Julia Elizabeth Annas (born 1946) is a British philosopher who has taught in the United States for the last quarter-century. She is Regents Professor of Philosophy Emerita at the University of Arizona.

Education and career
Annas graduated from Oxford University in 1968 with a B.A. and from Harvard University with an A.M. (1970) and a Ph.D. (1972). She was a Fellow and Tutor at St Hugh's College, Oxford for fifteen years before joining the faculty at the University of Arizona in 1986, where she taught until her retirement, apart for one year as a professor at Columbia University.

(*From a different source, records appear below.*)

lemma zeta_kernel_link_left:
  assumes "i < length xs" "j < length xs"
  shows "zeta_kernel t (xs ! i) (xs ! (j - 1)) * link_weight t xs j
    = (if i < j then 1 else (link_weight t xs j)\<^sup>2) * zeta_kernel t (xs ! i) (xs ! j)"
proof (cases "j = 0")
  case False
  then have r: "link_weight t xs j = zeta_kernel t (xs ! (j - 1)) (xs ! j)"
    using assms by (simp add: link_weight_def)
  show ?thesis
  proof (cases "i < j")
    case True
    then show ?thesis
      using r assms zeta_kernel_nth_between[of i "j - 1" j] by simp
  next
    case False
    then show ?thesis
      using r assms zeta_kernel_nth_between[of "j - 1" j i]
      by (simp add: zeta_kernel_commute[of t "xs ! i"] power2_eq_square)
  qed
qed (simp add: link_weight_def)

lemma zeta_kernel_link_right:
  assumes "i < length xs" "j < length xs"
  shows "zeta_kernel t (xs ! i) (xs ! Suc j) * link_weight t xs (Suc j)
    = (if j < i then 1 else (link_weight t xs (Suc j))\<^sup>2) * zeta_kernel t (xs ! i) (xs ! j)"
proof (cases "Suc j < length xs")
  case True
  then have r: "link_weight t xs (Suc j) = zeta_kernel t (xs ! j) (xs ! Suc j)"
    by (simp add: link_weight_def)
  show ?thesis
  proof (cases "j < i")
    case True
    then show ?thesis
      using r assms zeta_kernel_nth_between[of j "Suc j" i]
      by (simp add: zeta_kernel_commute[of t "xs ! i"])
  next
    case False
    then show ?thesis
      using r True zeta_kernel_nth_between[of i j "Suc j"] by (simp add: power2_eq_square)
  qed
qed (use assms in \<open>simp add: link_weight_def\<close>)

lemma zeta_mat_of_list_mult_inv: "zeta_mat_of_list t xs * zeta_inv_of_list t xs = 1\<^sub>m (length xs)"
proof (rule eq_matI)
  fix i j assume "i < dim_row (1\<^sub>m (length xs))" "j < dim_col (1\<^sub>m (length xs))"
  then have i: "i < length xs" and j: "j < length xs" by auto
  define z where "z k = zeta_kernel t (xs ! i) (xs ! k)" for k
  define r where "r = link_weight t xs"
  define c where "c k = 1 / (1 - (r k)\<^sup>2)" for k
  have c_r: "c k - (r k)\<^sup>2 * c k = 1" for k
  proof -
    have "(r k)\<^sup>2 < 1"
      using link_weight_bounds[of k] unfolding r_def by (simp add: power2_less_1_iff abs_if)
    then show ?thesis by (simp add: c_def field_simps)
  qed
  have "(zeta_mat_of_list t xs * zeta_inv_of_list t xs) $$ (i, j)
      = (\<Sum>k<length xs. z k * zeta_inv_of_list t xs $$ (k, j))"
    using i j by (simp add: zeta_mat_of_list_def zeta_inv_of_list_def scalar_prod_def atLeast0LessThan z_def)
  also have "\<dots> = z j * (c j + (r (Suc j))\<^sup>2 * c (Suc j))
      - z (Suc j) * r (Suc j) * c (Suc j) - z (j - 1) * r j * c j"
    unfolding sum_mult_zeta_inv_of_list_col[OF j] by (simp add: r_def c_def)
  also have "\<dots> = z j * (c j + (r (Suc j))\<^sup>2 * c (Suc j)
      - (if j < i then 1 else (r (Suc j))\<^sup>2) * c (Suc j) - (if i < j then 1 else (r j)\<^sup>2) * c j)"
    using zeta_kernel_link_left[OF i j] zeta_kernel_link_right[OF i j]
    unfolding z_def r_def by (simp add: algebra_simps)
  also have "\<dots> = z j * (if i = j then 1 else 0)"
  proof -
    have "c j + (r (Suc j))\<^sup>2 * c (Suc j) - (if j < i then 1 else (r (Suc j))\<^sup>2) * c (Suc j)
        - (if i < j then 1 else (r j)\<^sup>2) * c j = (if i = j then 1 else 0)"
      using c_r[of j] c_r[of "Suc j"]
      by (cases i j rule: linorder_cases) (simp_all add: algebra_simps)
    then show ?thesis by simp
  qed
  also have "\<dots> = 1\<^sub>m (length xs) $$ (i, j)"
    using i j by (simp add: z_def zeta_kernel_def)
  finally show "(zeta_mat_of_list t xs * zeta_inv_of_list t xs) $$ (i, j) = 1\<^sub>m (length xs) $$ (i, j)" .
qed (simp_all add: zeta_mat_of_list_def zeta_inv_of_list_def)

lemma sum_zeta_inv_of_list:
  "vec (length xs) (\<lambda>_. 1) \<bullet> (zeta_inv_of_list t xs *\<^sub>v vec (length xs) (\<lambda>_. 1))
    = (\<Sum>j<length xs. cayley (link_weight t xs (Suc j)))"
proof -
  define n where "n = length xs"
  define r where "r = link_weight t xs"
  have r_bounds: "0 \<le> r k" "r k < 1" for k
    using link_weight_bounds unfolding r_def by auto
  have "vec n (\<lambda>_. 1) \<bullet> (zeta_inv_of_list t xs *\<^sub>v vec n (\<lambda>_. 1))
      = (\<Sum>i<n. \<Sum>j<n. zeta_inv_of_list t xs $$ (i, j))"
  proof -
    have "zeta_inv_of_list t xs \<in> carrier_mat n n" by (simp add: n_def zeta_inv_of_list_def)
    then show ?thesis by (simp add: scalar_prod_def atLeast0LessThan)
  qed
  also have "\<dots> = (\<Sum>j<n. \<Sum>k<n. 1 * zeta_inv_of_list t xs $$ (k, j))"
    by (subst sum.swap) simp
  also have "\<dots> = (\<Sum>j<n. 1 / (1 + r j) - r (Suc j) / (1 + r (Suc j)))"
  proof (rule sum.cong)
    fix j assume "j \<in> {..<n}"
    then have j: "j < length xs" by (simp add: n_def)
    have q: "(1 - a) / (1 - a\<^sup>2) = 1 / (1 + a)" if "0 \<le> a" "a < 1" for a :: real
    proof -
      have "1 - a\<^sup>2 = (1 - a) * (1 + a)" by (simp add: power2_eq_square algebra_simps)
      then show ?thesis using that by simp
    qed
    have "(\<Sum>k<n. 1 * zeta_inv_of_list t xs $$ (k, j))
        = (1 - r j) / (1 - (r j)\<^sup>2) - r (Suc j) * ((1 - r (Suc j)) / (1 - (r (Suc j))\<^sup>2))"
      unfolding n_def r_def sum_mult_zeta_inv_of_list_col[OF j]
      by (simp add: diff_divide_distrib right_diff_distrib power2_eq_square)
    then show "(\<Sum>k<n. 1 * zeta_inv_of_list t xs $$ (k, j)) = 1 / (1 + r j) - r (Suc j) / (1 + r (Suc j))"
      using r_bounds[of j] r_bounds[of "Suc j"] by (simp add: q)
  qed simp
  also have "\<dots> = (\<Sum>j<n. cayley (r (Suc j))) + (\<Sum>j<n. 1 / (1 + r j) - 1 / (1 + r (Suc j)))"
  proof -
    have "1 / (1 + r j) - r (Suc j) / (1 + r (Suc j))
        = cayley (r (Suc j)) + (1 / (1 + r j) - 1 / (1 + r (Suc j)))" for j
      using r_bounds[of "Suc j"] by (simp add: cayley_def diff_divide_distrib)
    then show ?thesis by (simp only: sum.distrib)
  qed
  also have "\<dots> = (\<Sum>j<n. cayley (r (Suc j)))"
    using sum_lessThan_telescope'[of "\<lambda>j. 1 / (1 + r j)" n]
    by (simp add: r_def n_def link_weight_def)
  finally show ?thesis unfolding n_def r_def .
qed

She specializes in the study of ancient Greek philosophy, including ethics, psychology, and epistemology. 
She was elected a Fellow of the American Academy of Arts and Sciences in 1992 and a member of the American Philosophical Society in 2013. She is the founder and former editor of the annual journal Oxford Studies in Ancient Philosophy. She is married to Hume scholar David Owen, also a professor of philosophy at the University of Arizona.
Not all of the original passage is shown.